Each line of the material holding the word "phiB" must be identified and copied.

#### Record extracts:
····················
(* Let $(\mathcal A,\varphi,\mathcal F,\Phi)$ be a ncps of type B$'$ with associated infinitesimal ncps $(\mathcal B,\varphi,\varphi')$. Let $a\in\mathcal A$ and $f\in\mathcal F$ be such that (unital subalgebra generated by $a$, subalgebra generated by $f$) is cyclic-antimonotone independent. Let $\mu$ be the distribution of $a$ with respect to $\varphi$ and $\nu$ the distribution of $f$ with respect to $\varphi'$. Then the infinitesimal distribution of $a+f$ with respect to $(\varphi,\varphi')$ is $(\mu,\tilde\nu)$, where $\tilde\nu$ (the cyclic-antimonotone convolution of $\mu$ and $\nu$) equals the second component of the infinitesimal free convolution $(\mu,0)\boxplus(\delta_0,\nu)$, and is characterized by $$G_{\tilde\nu}(z)=G_\nu(F_\mu(z))\,F_\mu'(z)$$ as formal series.
   Context: A ncps of type B$'$ is $(\mathcal A,\varphi,\mathcal F,\Phi)$: $\mathcal A$ unital complex algebra, $\varphi$ linear on $\mathcal A$ with $\varphi(1_{\mathcal A})=1$, $\mathcal F$ an algebra that is an $\mathcal A$-bimodule compatible with its multiplication, $\Phi:\mathcal F\to\mathbb C$ linear. $\mathcal B=\mathcal A\oplus\mathcal F$ with product $(a_1,f_1)(a_2,f_2)=(a_1a_2,a_1f_2+f_1a_2+f_1f_2)$, unit $1_{\mathcal A}$; $\varphi(a+f):=\varphi(a)$, $\varphi'(a+f):=\Phi(f)$. Cyclic-antimonotone independence of $(\mathcal A_1,\mathcal F_1)$: $\Phi(a_0f_1a_1\cdots a_{n-1}f_na_n)=\varphi(a_0a_n)\prod_{i=1}^{n-1}\varphi(a_i)\,\Phi(f_1\cdots f_n)$ for $n\ge1$, $a_l\in\mathcal A_1$, $f_l\in\mathcal F_1$. A distribution is a linear functional $\mathbb C[x]\to\mathbb C$. The distribution of $b$ w.r.t. a functional $\omega$ is $x^n\mapsto\omega(b^n)$ ($b^0=1_{\mathcal B}$); the infinitesimal distribution of $b$ w.r.t. $(\varphi,\varphi')$ is the pair of its distributions w.r.t. $\varphi$ and $\varphi'$. $\delta_0$ is the distribution with $\delta_0(x^n)=\delta_{n,0}$. For a distribution $\mu$, $G_\mu(z)=\sum_{n\ge0}\mu(x^n)z^{-n-1}$ and $F_\mu=1/G_\mu$ (formal Laurent series), $F_\mu'$ its formal derivative. Infinitesimal freeness in an infinitesimal ncps $(\mathcal B,\varphi,\varphi')$ (with $\varphi(1)=1,\varphi'(1)=0$): unital subalgebras $(\mathcal B_i)$ are infinitesimally free if for alternating indices $i_1\ne i_2\ne\cdots\ne i_n$ and $b_l\in\mathcal B_{i_l}$ with $\varphi(b_l)=0$: $\varphi(b_1\cdots b_n)=0$ and $\varphi'(b_1\cdots b_n)=\varphi(b_1b_n)\varphi(b_2b_{n-1})\cdots\varphi'(b_{(n+1)/2})$ if $n$ odd and $i_1=i_n,i_2=i_{n-1},\dots$, and $0$ otherwise. The infinitesimal free convolution $(\mu_1,\mu_1')\boxplus(\mu_2,\mu_2')$ is the infinitesimal distribution of $b_1+b_2$ where $b_1,b_2$ generate infinitesimally free unital subalgebras in some infinitesimal ncps and have infinitesimal distributions $(\mu_1,\mu_1')$, $(\mu_2,\mu_2')$ (this is well defined). *)

theory Defs
  imports Complex_Main "HOL-Computational_Algebra.Formal_Laurent_Series"
begin

definition is_calg :: "(complex \<Rightarrow> 'a::ring \<Rightarrow> 'a) \<Rightarrow> bool" where
  "is_calg sc \<longleftrightarrow>
     (\<forall>c x y. sc c (x + y) = sc c x + sc c y) \<and>
     (\<forall>c d x. sc (c + d) x = sc c x + sc d x) \<and>
     (\<forall>c d x. sc (c * d) x = sc c (sc d x)) \<and>
     (\<forall>x. sc 1 x = x) \<and>
     (\<forall>c x y. sc c (x * y) = sc c x * y) \<and>
     (\<forall>c x y. sc c (x * y) = x * sc c y)"

definition clinear_fun :: "(complex \<Rightarrow> 'a::ring \<Rightarrow> 'a) \<Rightarrow> ('a \<Rightarrow> complex) \<Rightarrow> bool" where
  "clinear_fun sc \<omega> \<longleftrightarrow> (\<forall>x y. \<omega> (x + y) = \<omega> x + \<omega> y) \<and> (\<forall>c x. \<omega> (sc c x) = c * \<omega> x)"

definition is_compat_bimodule ::
  "(complex \<Rightarrow> 'a::ring_1 \<Rightarrow> 'a) \<Rightarrow> (complex \<Rightarrow> 'f::ring \<Rightarrow> 'f) \<Rightarrow>
   ('a \<Rightarrow> 'f \<Rightarrow> 'f) \<Rightarrow> ('f \<Rightarrow> 'a \<Rightarrow> 'f) \<Rightarrow> bool" where
  "is_compat_bimodule sa sf lm rm \<longleftrightarrow>
     (\<forall>a b x. lm (a * b) x = lm a (lm b x)) \<and> (\<forall>x. lm 1 x = x) \<and>
     (\<forall>a b x. lm (a + b) x = lm a x + lm b x) \<and> (\<forall>a x y. lm a (x + y) = lm a x + lm a y) \<and>
     (\<forall>c a x. lm (sa c a) x = sf c (lm a x)) \<and> (\<forall>c a x. lm a (sf c x) = sf c (lm a x)) \<and>
     (\<forall>a b x. rm x (a * b) = rm (rm x a) b) \<and> (\<forall>x. rm x 1 = x) \<and>
     (\<forall>a b x. rm x (a + b) = rm x a + rm x b) \<and> (\<forall>a x y. rm (x + y) a = rm x a + rm y a) \<and>
     (\<forall>c a x. rm x (sa c a) = sf c (rm x a)) \<and> (\<forall>c a x. rm (sf c x) a = sf c (rm x a)) \<and>
     (\<forall>a b x. rm (lm a x) b = lm a (rm x b)) \<and>
     (\<forall>a x y. lm a (x * y) = lm a x * y) \<and>
     (\<forall>a x y. rm (x * y) a = x * rm y a) \<and>
     (\<forall>a x y. rm x a * y = x * lm a y)"

definition ncps_typeB' ::
  "(complex \<Rightarrow> 'a::ring_1 \<Rightarrow> 'a) \<Rightarrow> ('a \<Rightarrow> complex) \<Rightarrow>
   (complex \<Rightarrow> 'f::ring \<Rightarrow> 'f) \<Rightarrow> ('a \<Rightarrow> 'f \<Rightarrow> 'f) \<Rightarrow> ('f \<Rightarrow> 'a \<Rightarrow> 'f) \<Rightarrow>
   ('f \<Rightarrow> complex) \<Rightarrow> bool" where
  "ncps_typeB' sa \<phi> sf lm rm \<Phi> \<longleftrightarrow>
     is_calg sa \<and> is_calg sf \<and> is_compat_bimodule sa sf lm rm \<and>
     clinear_fun sa \<phi> \<and> \<phi> 1 = 1 \<and> clinear_fun sf \<Phi>"

text \<open>Elements of B are pairs (a, f) standing for a + f.\<close>
definition bmul :: "('a::ring_1 \<Rightarrow> 'f::ring \<Rightarrow> 'f) \<Rightarrow> ('f \<Rightarrow> 'a \<Rightarrow> 'f) \<Rightarrow>
    'a \<times> 'f \<Rightarrow> 'a \<times> 'f \<Rightarrow> 'a \<times> 'f" where
  "bmul lm rm x y = (fst x * fst y, lm (fst x) (snd y) + rm (snd x) (fst y) + snd x * snd y)"

fun bpow :: "('a::ring_1 \<Rightarrow> 'f::ring \<Rightarrow> 'f) \<Rightarrow> ('f \<Rightarrow> 'a \<Rightarrow> 'f) \<Rightarrow>
    'a \<times> 'f \<Rightarrow> nat \<Rightarrow> 'a \<times> 'f" where
  "bpow lm rm x 0 = (1, 0)"
| "bpow lm rm x (Suc n) = bmul lm rm (bpow lm rm x n) x"

definition phiB :: "('a \<Rightarrow> complex) \<Rightarrow> 'a \<times> 'f \<Rightarrow> complex" where
  "phiB \<phi> x = \<phi> (fst x)"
····················
#### Result:
definition phiB :: "('a \<Rightarrow> complex) \<Rightarrow> 'a \<times> 'f \<Rightarrow> complex" where
  "phiB \<phi> x = \<phi> (fst x)"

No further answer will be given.